Oncolytic adenovirus
Adenovirus varieties have been explored extensively as a viral vector for gene therapy and also as an oncolytic virus.[1][2]
Of the many different viruses being explored for oncolytic potential, an adenovirus was the first to be approved by a regulatory agency, the genetically modified H101 strain. It gained regulatory approval in 2005 from China's State Food and Drug Administration (SFDA) for the treatment of head and neck cancer.[3][4]
Engineering of oncolytic adenovirus
Adenoviruses have so far been through three generations of development.[5] Some of the strategies for modification of adenoviruses are described below.
Attenuation
For adenovirus replication to occur, the host cell must be induced into S phase by viral proteins interfering with cell cycle proteins. The adenoviral E1A gene is responsible for inactivation of several proteins, including retinoblastoma, allowing entry into S-phase. The adenovirus E1B55kDa gene cooperates with another adenoviral product, E4ORF6, to inactivate p53, thus preventing apoptosis. It was initially proposed that an adenovirus mutant lacking the E1B55kDa gene, dl1520 (ONYX-015), could replicate selectively in p53 deficient cells.

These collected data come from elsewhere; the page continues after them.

lemma measure_transfer:
  assumes "0 \<le> lam" "lam \<le> 1" "B \<in> sets borel"
  shows "measure (transfer lam) B = rhoLam \<rho> x0 \<epsilon> m1 m2 lam B"
proof -
  have "lam * measure \<rho> (arc_set \<inter> B) \<le> measure \<rho> B"
    using assms rho.finite_measure_mono[of "arc_set \<inter> B" B]
      mult_left_le_one_le[OF measure_nonneg assms(1,2), of \<rho> "arc_set \<inter> B"] by simp
  then have "0 \<le> measure \<rho> B - lam * measure \<rho> (arc_set \<inter> B)
      + lam * m1 * indicator B left_end + lam * m2 * indicator B right_end"
    using assms(1) m_pos by (intro add_nonneg_nonneg) simp_all
  then show ?thesis
    using assms unfolding measure_def[of "transfer lam"] emeasure_transfer[OF assms]
    by (simp add: rhoLam_def measure_restrT algebra_simps)
qed

lemma isTprob_transfer:
  assumes "0 \<le> lam" "lam \<le> 1"
  shows "isTprob (transfer lam)"
proof -
  have "emeasure (transfer lam) (space (transfer lam)) = 1"
    using emeasure_transfer[OF assms, of UNIV] arc_mass rho.prob_space by (simp add: algebra_simps)
  moreover have "arc_set \<inter> (UNIV - {0..<1}) = {}" by (auto simp: arcT_def)
  moreover have "measure \<rho> (UNIV - {0..<1}) = 0"
    using emeasure_rho_outside by (simp add: measure_def)
  ultimately show ?thesis
    using emeasure_transfer[OF assms, of "UNIV - {0..<1}"]
    by (auto simp: isTprob_def prob_spaceI frac_lt_1)
qed

lemma nn_integral_arc_convex_le:
  fixes h h' h'' :: "real \<Rightarrow> real"
  assumes h': "\<And>u. u \<in> {-\<epsilon>..\<epsilon>} \<Longrightarrow> (h has_real_derivative h' u) (at u)"
    and h'': "\<And>u. u \<in> {-\<epsilon>..\<epsilon>} \<Longrightarrow> (h' has_real_derivative h'' u) (at u)"
    and C: "0 \<le> C" "\<And>u. u \<in> {-\<epsilon>..\<epsilon>} \<Longrightarrow> C \<le> h'' u"
    and h_nonneg: "\<And>u. u \<in> {-\<epsilon>..\<epsilon>} \<Longrightarrow> 0 \<le> h u"
  shows "(\<integral>\<^sup>+ y. indicator arc_set y * ennreal (h (liftT x0 y)) \<partial>\<rho>) + ennreal (C / 2 * arc_spread)
           \<le> ennreal (m1 * h (-\<epsilon>) + m2 * h \<epsilon>)"
proof -
  define \<alpha> where "\<alpha> = (h (-\<epsilon>) + h \<epsilon>) / 2"
  define \<beta> where "\<beta> = (h \<epsilon> - h (-\<epsilon>)) / (2 * \<epsilon>)"
  define q where "q u = \<alpha> + \<beta> * u - C / 2 * (\<epsilon>\<^sup>2 - u\<^sup>2)" for u
  have chord: "h u \<le> q u" if "u \<in> {-\<epsilon>..\<epsilon>}" for u
  proof -
    have "h u \<le> ((\<epsilon> - u) * h (-\<epsilon>) + (u - -\<epsilon>) * h \<epsilon>) / (\<epsilon> - -\<epsilon>) - C / 2 * ((u - -\<epsilon>) * (\<epsilon> - u))"
      using eps(1) h' h'' C(2) that by (intro below_chord_if_second_derivative_ge) auto
    also have "\<dots> = q u"
      using eps(1) by (simp add: q_def \<alpha>_def \<beta>_def field_simps power2_eq_square)
    finally show ?thesis .
  qed
  define \<phi> where "\<phi> y = indicator arc_set y * q (liftT x0 y)" for y
  have on_arc: "0 \<le> h (liftT x0 y) \<and> h (liftT x0 y) \<le> q (liftT x0 y)" if "y \<in> arc_set" for y
  proof -
    have "liftT x0 y \<in> {-\<epsilon>..\<epsilon>}" using abs_liftT_less_if_arc[OF that] by auto
    then show ?thesis using chord h_nonneg by blast
  qed
  have h_le_\<phi>: "indicator arc_set y * ennreal (h (liftT x0 y)) \<le> ennreal (\<phi> y)" for y
    using on_arc[of y] by (cases "y \<in> arc_set") (auto simp: \<phi>_def intro!: ennreal_leI)
  have \<phi>_nonneg: "0 \<le> \<phi> y" for y
    using on_arc[of y] by (cases "y \<in> arc_set") (auto simp: \<phi>_def)
  have \<phi>_eq: "\<phi> = (\<lambda>y. \<alpha> * indicator arc_set y + \<beta> * (indicator arc_set y * liftT x0 y)
      - C / 2 * (indicator arc_set y * (\<epsilon>\<^sup>2 - (liftT x0 y)\<^sup>2)))"
    by (auto simp: \<phi>_def q_def algebra_simps fun_eq_iff)
  have int_ind: "integrable \<rho> (\<lambda>y. indicator arc_set y :: real)"
    using integrable_arc_liftT[of "\<lambda>u. 1" 1] by simp
  have int_lift: "integrable \<rho> (\<lambda>y. indicator arc_set y * liftT x0 y)"
    by (rule integrable_arc_liftT[where B=1]) auto
  have "integral\<^sup>L \<rho> \<phi> = \<alpha> * measure \<rho> arc_set + \<beta> * (\<epsilon> * (m2 - m1)) - C / 2 * arc_spread"
    unfolding \<phi>_eq arc_spread_def arc_first_moment[symmetric]
    using int_ind int_lift integrable_arc_spread_term by simp
  also have "\<dots> = m1 * h (-\<epsilon>) + m2 * h \<epsilon> - C / 2 * arc_spread"
    using eps(1) unfolding arc_mass \<alpha>_def \<beta>_def by (simp add: field_simps)
  finally have int_\<phi>: "integral\<^sup>L \<rho> \<phi> + C / 2 * arc_spread = m1 * h (-\<epsilon>) + m2 * h \<epsilon>"
    by simp
  have "(\<integral>\<^sup>+ y. indicator arc_set y * ennreal (h (liftT x0 y)) \<partial>\<rho>) \<le> (\<integral>\<^sup>+ y. ennreal (\<phi> y) \<partial>\<rho>)"
    by (intro nn_integral_mono h_le_\<phi>)
  also have "\<dots> = ennreal (integral\<^sup>L \<rho> \<phi>)"
    using int_ind int_lift integrable_arc_spread_term \<phi>_nonneg
    by (intro nn_integral_eq_integral) (auto simp: \<phi>_eq)
  finally have "(\<integral>\<^sup>+ y. indicator arc_set y * ennreal (h (liftT x0 y)) \<partial>\<rho>) + ennreal (C / 2 * arc_spread)
      \<le> ennreal (integral\<^sup>L \<rho> \<phi>) + ennreal (C / 2 * arc_spread)"
    by (rule add_right_mono)
  also have "\<dots> = ennreal (m1 * h (-\<epsilon>) + m2 * h \<epsilon>)"
    using C(1) arc_spread_pos \<phi>_nonneg int_\<phi> by (simp add: ennreal_plus[symmetric] del: ennreal_plus)
  finally show ?thesis .
qed

lemma nn_integral_transfer_split:
  assumes [measurable]: "f \<in> borel_measurable borel"
  shows "(\<integral>\<^sup>+ y. f y \<partial>transfer lam) = (\<integral>\<^sup>+ y. indicator (- arc_set) y * f y \<partial>\<rho>)
           + ennreal (1 - lam) * (\<integral>\<^sup>+ y. indicator arc_set y * f y \<partial>\<rho>)
           + ennreal (lam * m1) * f left_end + ennreal (lam * m2) * f right_end"
proof -
  have "(\<integral>\<^sup>+ y. ennreal (1 - lam * indicator arc_set y) * f y \<partial>\<rho>)
      = (\<integral>\<^sup>+ y. indicator (- arc_set) y * f y + ennreal (1 - lam) * (indicator arc_set y * f y) \<partial>\<rho>)"
    by (intro nn_integral_cong) (simp split: split_indicator)
  also have "\<dots> = (\<integral>\<^sup>+ y. indicator (- arc_set) y * f y \<partial>\<rho>)
      + ennreal (1 - lam) * (\<integral>\<^sup>+ y. indicator arc_set y * f y \<partial>\<rho>)"
    by (simp add: nn_integral_add nn_integral_cmult)
  finally show ?thesis by (simp add: nn_integral_transfer)
qed

lemma nn_integral_split_arc:
  assumes [measurable]: "f \<in> borel_measurable borel"
  shows "(\<integral>\<^sup>+ y. f y \<partial>\<rho>) = (\<integral>\<^sup>+ y. indicator (- arc_set) y * f y \<partial>\<rho>) + (\<integral>\<^sup>+ y. indicator arc_set y * f y \<partial>\<rho>)"
  by (subst nn_integral_add[symmetric]) (auto intro!: nn_integral_cong split: split_indicator)

lemma nn_integral_transfer_ge:
  assumes lam: "0 \<le> lam" "lam \<le> 1" and [measurable]: "f \<in> borel_measurable borel"
  shows "ennreal (1 - lam) * (\<integral>\<^sup>+ y. f y \<partial>\<rho>) \<le> (\<integral>\<^sup>+ y. f y \<partial>transfer lam)"
proof -
  have "ennreal (1 - lam) * (\<integral>\<^sup>+ y. indicator (- arc_set) y * f y \<partial>\<rho>)
      \<le> (\<integral>\<^sup>+ y. indicator (- arc_set) y * f y \<partial>\<rho>)"
    using mult_right_mono[of "ennreal (1 - lam)" 1] lam by (simp add: ennreal_le_1)
  then show ?thesis
    unfolding nn_integral_transfer_split[OF assms(3)] nn_integral_split_arc[OF assms(3)] distrib_left
    by (intro add_increasing2 add_mono) simp_all
qed

lemma nn_integral_transfer_convex_gain:
  fixes h h' h'' :: "real \<Rightarrow> real"
  assumes lam: "0 \<le> lam" "lam \<le> 1" and [measurable]: "f \<in> borel_measurable borel"
    and f: "\<And>y. y \<in> arc_set \<Longrightarrow> f y = ennreal (h (liftT x0 y))"
      "f left_end = ennreal (h (-\<epsilon>))" "f right_end = ennreal (h \<epsilon>)"
    and h': "\<And>u. u \<in> {-\<epsilon>..\<epsilon>} \<Longrightarrow> (h has_real_derivative h' u) (at u)"
    and h'': "\<And>u. u \<in> {-\<epsilon>..\<epsilon>} \<Longrightarrow> (h' has_real_derivative h'' u) (at u)"
    and C: "0 \<le> C" "\<And>u. u \<in> {-\<epsilon>..\<epsilon>} \<Longrightarrow> C \<le> h'' u"
    and h_nonneg: "\<And>u. u \<in> {-\<epsilon>..\<epsilon>} \<Longrightarrow> 0 \<le> h u"
  shows "(\<integral>\<^sup>+ y. f y \<partial>\<rho>) + ennreal (lam * (C / 2 * arc_spread)) \<le> (\<integral>\<^sup>+ y. f y \<partial>transfer lam)"
proof -
  define J where "J = (\<integral>\<^sup>+ y. indicator arc_set y * f y \<partial>\<rho>)"
  have "J = (\<integral>\<^sup>+ y. indicator arc_set y * ennreal (h (liftT x0 y)) \<partial>\<rho>)"
    unfolding J_def using f(1) by (intro nn_integral_cong) (simp split: split_indicator)
  then have "J + ennreal (C / 2 * arc_spread) \<le> ennreal (m1 * h (-\<epsilon>) + m2 * h \<epsilon>)"
    using nn_integral_arc_convex_le[OF h' h'' C h_nonneg] by simp
  then have "ennreal lam * (J + ennreal (C / 2 * arc_spread)) \<le> ennreal lam * ennreal (m1 * h (-\<epsilon>) + m2 * h \<epsilon>)"
    by (rule mult_left_mono) simp
  moreover have "ennreal lam * (J + ennreal (C / 2 * arc_spread)) = ennreal lam * J + ennreal (lam * (C / 2 * arc_spread))"
    by (simp only: ennreal_mult'[OF lam(1)] distrib_left)
  moreover have "ennreal lam * ennreal (m1 * h (-\<epsilon>) + m2 * h \<epsilon>)
      = ennreal (lam * m1) * f left_end + ennreal (lam * m2) * f right_end"
    using lam m_pos h_nonneg[of "-\<epsilon>"] h_nonneg[of \<epsilon>] eps(1)
    by (simp add: f(2,3) ennreal_mult[symmetric] ennreal_plus[symmetric] distrib_left mult.assoc del: ennreal_plus)
  moreover have "J = ennreal (1 - lam) * J + ennreal lam * J"
    using lam by (simp add: distrib_right[symmetric] ennreal_plus[symmetric] del: ennreal_plus)
  ultimately have "J + ennreal (lam * (C / 2 * arc_spread))
      \<le> ennreal (1 - lam) * J + (ennreal (lam * m1) * f left_end + ennreal (lam * m2) * f right_end)"
    by (metis (no_types, lifting) add.assoc add_left_mono)
  then show ?thesis
    unfolding nn_integral_transfer_split[OF assms(3)] nn_integral_split_arc[OF assms(3)] J_def[symmetric]
    by (metis (no_types, lifting) add.assoc add_left_mono)
qed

A conditionally replicative adenovirus (CRAd) with a 24 base pair deletion in the retinoblastoma-binding domain of the E1A protein (Ad5- Δ24E3), is unable to silence retinoblastoma, and therefore unable to induce S-phase in host cells.[6] This restricts Ad5-Δ24E3 to replication only in proliferating cells, such as tumour cells.
Targeting
The most commonly used group of adenoviruses is serotype 5 (Ad5), whose binding to host cells is initiated by interactions between the cellular coxsackie virus and adenovirus receptor (CAR), and the knob domain of the adenovirus coat protein trimer. CAR is necessary for adenovirus infection.[7] Although expressed widely in epithelial cells, CAR expression in tumours is extremely variable, leading to resistance to Ad5 infection.[7] Retargeting of Ad5 from CAR, to another receptor that is ubiquitously expressed on cancer cells, may overcome this resistance.[7]
- Adapter molecules
- Bi-specific adapter molecules can be administered along with the virus to redirect viral coat protein tropism. These molecules are fusion proteins that are made up of an antibody raised against the knob domain of the adenovirus coat protein, fused to a natural ligand for a cell-surface receptor.[8] The use of adapter molecules has been shown to increase viral transduction. However, adapters add complexity to the system, and the effect of adapter molecule binding on the stability of the virus is uncertain.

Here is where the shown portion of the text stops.